Mike's early morning work area (the workshop will be nice....)
Now, Abraham doing some beading.
And the on the woodstove top this morning - sap to boil off and butter melting to make cookies.
What are your early morning like?
Warm wishes, Tonya
Thursday, September 17, 2009
Canning Tomatoes
We have Roma tomatoes this year to can and they make a wonderful sauce.
In our new rustic cottage, we do have electricity and the previous owner left a blender. My dear homesteader and neighbor suggested to me that I just wash cut and throw the tomatoes into the blender, heat, and then can. How simple is that! Wow - no boiling the whole tomatoes, dipping in cold water, peeling the skin off, running through the food mill.

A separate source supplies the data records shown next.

lemma pseudo_split_cover:
  assumes g: "graph V E" and ps: "pseudo_split V E"
  obtains K I J where "V = K \<union> I \<union> J" "clique E K" "independent E I" "independent E J"
proof -
  have "finite V" using g unfolding graph_def by blast
  then obtain K where "maximum_clique V E K" using maximum_clique_exists by blast
  then interpret pseudo_split_max_clique V E K using g ps by unfold_locales
  have "V = K \<union> {x \<in> V - K. \<exists>k. non_nbrs_in E K x = {k}} \<union> {x \<in> V - K. \<nexists>k. non_nbrs_in E K x = {k}}"
    using K(1) by blast
  then show thesis using that K(2) independent_single_non_nbr independent_several_non_nbrs by blast
qed

lemma neighbourhood_cover:
  assumes g: "graph V E" and c: "c \<in> V"
    and no_2K2: "\<not> has_induced twoK2_V twoK2_E V E" and no_W4: "\<not> has_induced W4_V W4_E V E"
  obtains K I J where "{x. E c x} = K \<union> I \<union> J" "clique E K" "independent E I" "independent E J"
proof -
  let ?N = "{x. E c x}"
  have N: "?N \<subseteq> V" using graph_edge_in[OF g] by blast
  obtain K I J where cover: "?N = K \<union> I \<union> J" and "clique (induced_edges E ?N) K"
    and "independent (induced_edges E ?N) I" "independent (induced_edges E ?N) J"
    using pseudo_split_cover[OF graph_induced_edges[OF g N] pseudo_split_neighbourhood[OF assms]] .
  moreover have "K \<subseteq> ?N" "I \<subseteq> ?N" "J \<subseteq> ?N" using cover by blast+
  ultimately have "clique E K" "independent E I" "independent E J"
    using clique_induced_edges_iff independent_induced_edges_iff by blast+
  with cover show thesis by (rule that)
qed

lemma independent_outside_edge_neighbourhoods:
  assumes g: "graph V E" and no_2K2: "\<not> has_induced twoK2_V twoK2_E V E" and ab: "E a b"
  shows "independent E (V - {x. E a x} - {x. E b x})"
  unfolding independent_def
proof (intro ballI notI)
  fix x y assume x: "x \<in> V - {x. E a x} - {x. E b x}" and y: "y \<in> V - {x. E a x} - {x. E b x}"
    and xy: "E x y"
  have "\<not> E x a" "\<not> E x b" "\<not> E y a" "\<not> E y b" using x y graph_sym[OF g] by blast+
  moreover have "a \<in> V" "b \<in> V" using graph_edge_in[OF g ab] by blast+
  ultimately have "has_induced twoK2_V twoK2_E V E"
    using x y by (intro has_induced_twoK2I[OF g _ _ _ _ xy ab]) auto
  then show False using no_2K2 by blast
qed

lemma two_cliques_five_independent_cover:
  assumes g: "graph V E"
    and no_2K2: "\<not> has_induced twoK2_V twoK2_E V E" and no_W4: "\<not> has_induced W4_V W4_E V E"
  obtains K1 K2 and A :: "nat \<Rightarrow> 'a set" where "(\<Union>i\<in>{1..6}. A i) = V" "A 1 = K1 \<union> K2" "clique E K1" "clique E K2"
    "\<forall>i\<in>{2..6}. independent E (A i)"
proof (cases "\<exists>a b. E a b")
  case False
  define A where "A = (\<lambda>i :: nat. if i = 2 then V else {})"
  have "(\<Union>i\<in>{1..6}. A i) = V" unfolding A_def by force
  moreover have "clique E {}" "\<forall>i\<in>{2..6}. independent E (A i)"
    using False unfolding A_def clique_def independent_def by auto
  ultimately show thesis using that[of A "{}" "{}"] unfolding A_def by simp
next
  case True
  then obtain a b where ab: "E a b" by blast
  have "a \<in> V" "b \<in> V" using graph_edge_in[OF g ab] by blast+
  obtain K1 I1 J1 where Na: "{x. E a x} = K1 \<union> I1 \<union> J1" "clique E K1" "independent E I1" "independent E J1"
    using neighbourhood_cover[OF g \<open>a \<in> V\<close> no_2K2 no_W4] .
  obtain K2 I2 J2 where Nb: "{x. E b x} = K2 \<union> I2 \<union> J2" "clique E K2" "independent E I2" "independent E J2"
    using neighbourhood_cover[OF g \<open>b \<in> V\<close> no_2K2 no_W4] .
  define R where "R = V - {x. E a x} - {x. E b x}"
  define A where "A = (\<lambda>i :: nat. if i = 1 then K1 \<union> K2 else if i = 2 then I1 else if i = 3 then J1
                                   else if i = 4 then I2 else if i = 5 then J2 else R)"
  have "{1..6 :: nat} = {1, 2, 3, 4, 5, 6}" by auto
  then have "(\<Union>i\<in>{1..6}. A i) = K1 \<union> K2 \<union> I1 \<union> J1 \<union> I2 \<union> J2 \<union> R" unfolding A_def by auto
  also have "\<dots> = V"
    using Na(1) Nb(1) graph_edge_in[OF g] unfolding R_def by blast
  finally have "(\<Union>i\<in>{1..6}. A i) = V" .
  moreover have "\<forall>i\<in>{2..6}. independent E (A i)"
    using Na(3,4) Nb(3,4) independent_outside_edge_neighbourhoods[OF g no_2K2 ab]
    unfolding A_def R_def by auto
  moreover have "A 1 = K1 \<union> K2" unfolding A_def by simp
  ultimately show thesis using that Na(2) Nb(2) by blast
qed

lemma bipartite_complement_Un_cliques:
  assumes "clique E K1" and "clique E K2"
  shows "bipartite (K1 \<union> K2) (complement (K1 \<union> K2) (induced_edges E (K1 \<union> K2)))"
  unfolding bipartite_def
proof (intro exI conjI)
  show "K1 \<union> (K2 - K1) = K1 \<union> K2" "K1 \<inter> (K2 - K1) = {}" by blast+
  show "independent (complement (K1 \<union> K2) (induced_edges E (K1 \<union> K2))) K1"
    "independent (complement (K1 \<union> K2) (induced_edges E (K1 \<union> K2))) (K2 - K1)"
    using assms unfolding independent_def complement_def induced_edges_def clique_def by auto
qed

lemma partition_of_cover:
  fixes A :: "nat \<Rightarrow> 'a set"
  assumes "(\<Union>i\<in>{1..n}. A i) = V"
  obtains P where "(\<Union>i\<in>{1..n}. P i) = V" "\<forall>i\<in>{1..n}. \<forall>j\<in>{1..n}. i \<noteq> j \<longrightarrow> P i \<inter> P j = {}"
    "\<forall>i. P i \<subseteq> A i" "P 1 = A 1"
proof
  let ?A = "A(0 := {})"
  have split: "{0..<Suc n} = insert 0 {1..n}" by auto
  have "(\<Union>i\<in>{1..n}. disjointed ?A i) = (\<Union>i\<in>{0..<Suc n}. disjointed ?A i)"
    by (simp only: split UN_insert disjointed_0 fun_upd_same Un_empty_left)
  also have "\<dots> = (\<Union>i\<in>{0..<Suc n}. ?A i)" by (rule finite_UN_disjointed_eq)
  also have "\<dots> = ?A 0 \<union> (\<Union>i\<in>{1..n}. ?A i)" by (simp only: split UN_insert)
  also have "\<dots> = V" using assms by auto
  finally show "(\<Union>i\<in>{1..n}. disjointed ?A i) = V" .
  show "\<forall>i\<in>{1..n}. \<forall>j\<in>{1..n}. i \<noteq> j \<longrightarrow> disjointed ?A i \<inter> disjointed ?A j = {}"
    using disjoint_family_disjointed[of ?A] unfolding disjoint_family_on_def by blast
  show "\<forall>i. disjointed ?A i \<subseteq> A i"
    using disjointed_subset[of ?A] by (auto simp: disjointed_def split: if_splits)
  show "disjointed ?A 1 = A 1" by (simp add: disjointed_def)
qed

lemma independent_subset: "independent E I \<Longrightarrow> J \<subseteq> I \<Longrightarrow> independent E J"
  unfolding independent_def by blast

theorem theorem3p3:
  fixes V :: "'a set" and E :: "'a \<Rightarrow> 'a \<Rightarrow> bool"
  assumes "graph V E" and "connected_graph V E"
    and "\<not> has_induced twoK2_V twoK2_E V E"
    and "\<not> has_induced W4_V W4_E V E"
  shows "pseudo_split V E \<or>
    (\<exists>P :: nat \<Rightarrow> 'a set.
        (\<Union>i\<in>{1..6}. P i) = V
      \<and> (\<forall>i\<in>{1..6}. \<forall>j\<in>{1..6}. i \<noteq> j \<longrightarrow> P i \<inter> P j = {})
      \<and> (\<forall>i\<in>{2..6}. independent E (P i))
      \<and> ((pseudo_split (P 1) (induced_edges E (P 1))
            \<and> clique_number (P 1) (induced_edges E (P 1)) \<le> clique_number V E - 1
            \<and> P 5 = {} \<and> P 6 = {})
         \<or> bipartite (P 1) (complement (P 1) (induced_edges E (P 1)))))"
proof -
  obtain K1 K2 and A :: "nat \<Rightarrow> 'a set" where cover: "(\<Union>i\<in>{1..6}. A i) = V"
    and A1: "A 1 = K1 \<union> K2"
    and cliques: "clique E K1" "clique E K2" and indep: "\<forall>i\<in>{2..6}. independent E (A i)"
    by (rule two_cliques_five_independent_cover[OF assms(1,3,4)])
  obtain P where partition: "(\<Union>i\<in>{1..6}. P i) = V"
      "\<forall>i\<in>{1..6}. \<forall>j\<in>{1..6}. i \<noteq> j \<longrightarrow> P i \<inter> P j = {}"
    and sub: "\<forall>i. P i \<subseteq> A i" and P1: "P 1 = A 1"
    by (rule partition_of_cover[OF cover])
  have "\<forall>i\<in>{2..6}. independent E (P i)" using indep sub independent_subset by blast
  moreover have "bipartite (P 1) (complement (P 1) (induced_edges E (P 1)))"
    unfolding P1 A1 using bipartite_complement_Un_cliques[OF cliques] .
  ultimately show ?thesis using partition by (intro disjI2 exI[of _ P]) blast
qed

end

Eight quarts were canned yesterday afternoon and I have been enjoying making fresh sauce at will with the baskets of tomatoes. And there was just enough coolness in the air to use the woodstove to heat up the canning water and cook the tomatoes a bit before transferring to the stove top for the boiling time.

To make sauce:
Blend enough tomatoes (skins and all)
In a heavy large saucepan, I add olive oil and chopped onions and garlic to saute.
Next add the tomatoes. Add flour (thickener), seasoning such as basil, oregano, thyme, pepper, salt. Add some sugar to your taste. Let heat up to a soft boil and then turn down to simmer for 45 minutes. Simple and delicious!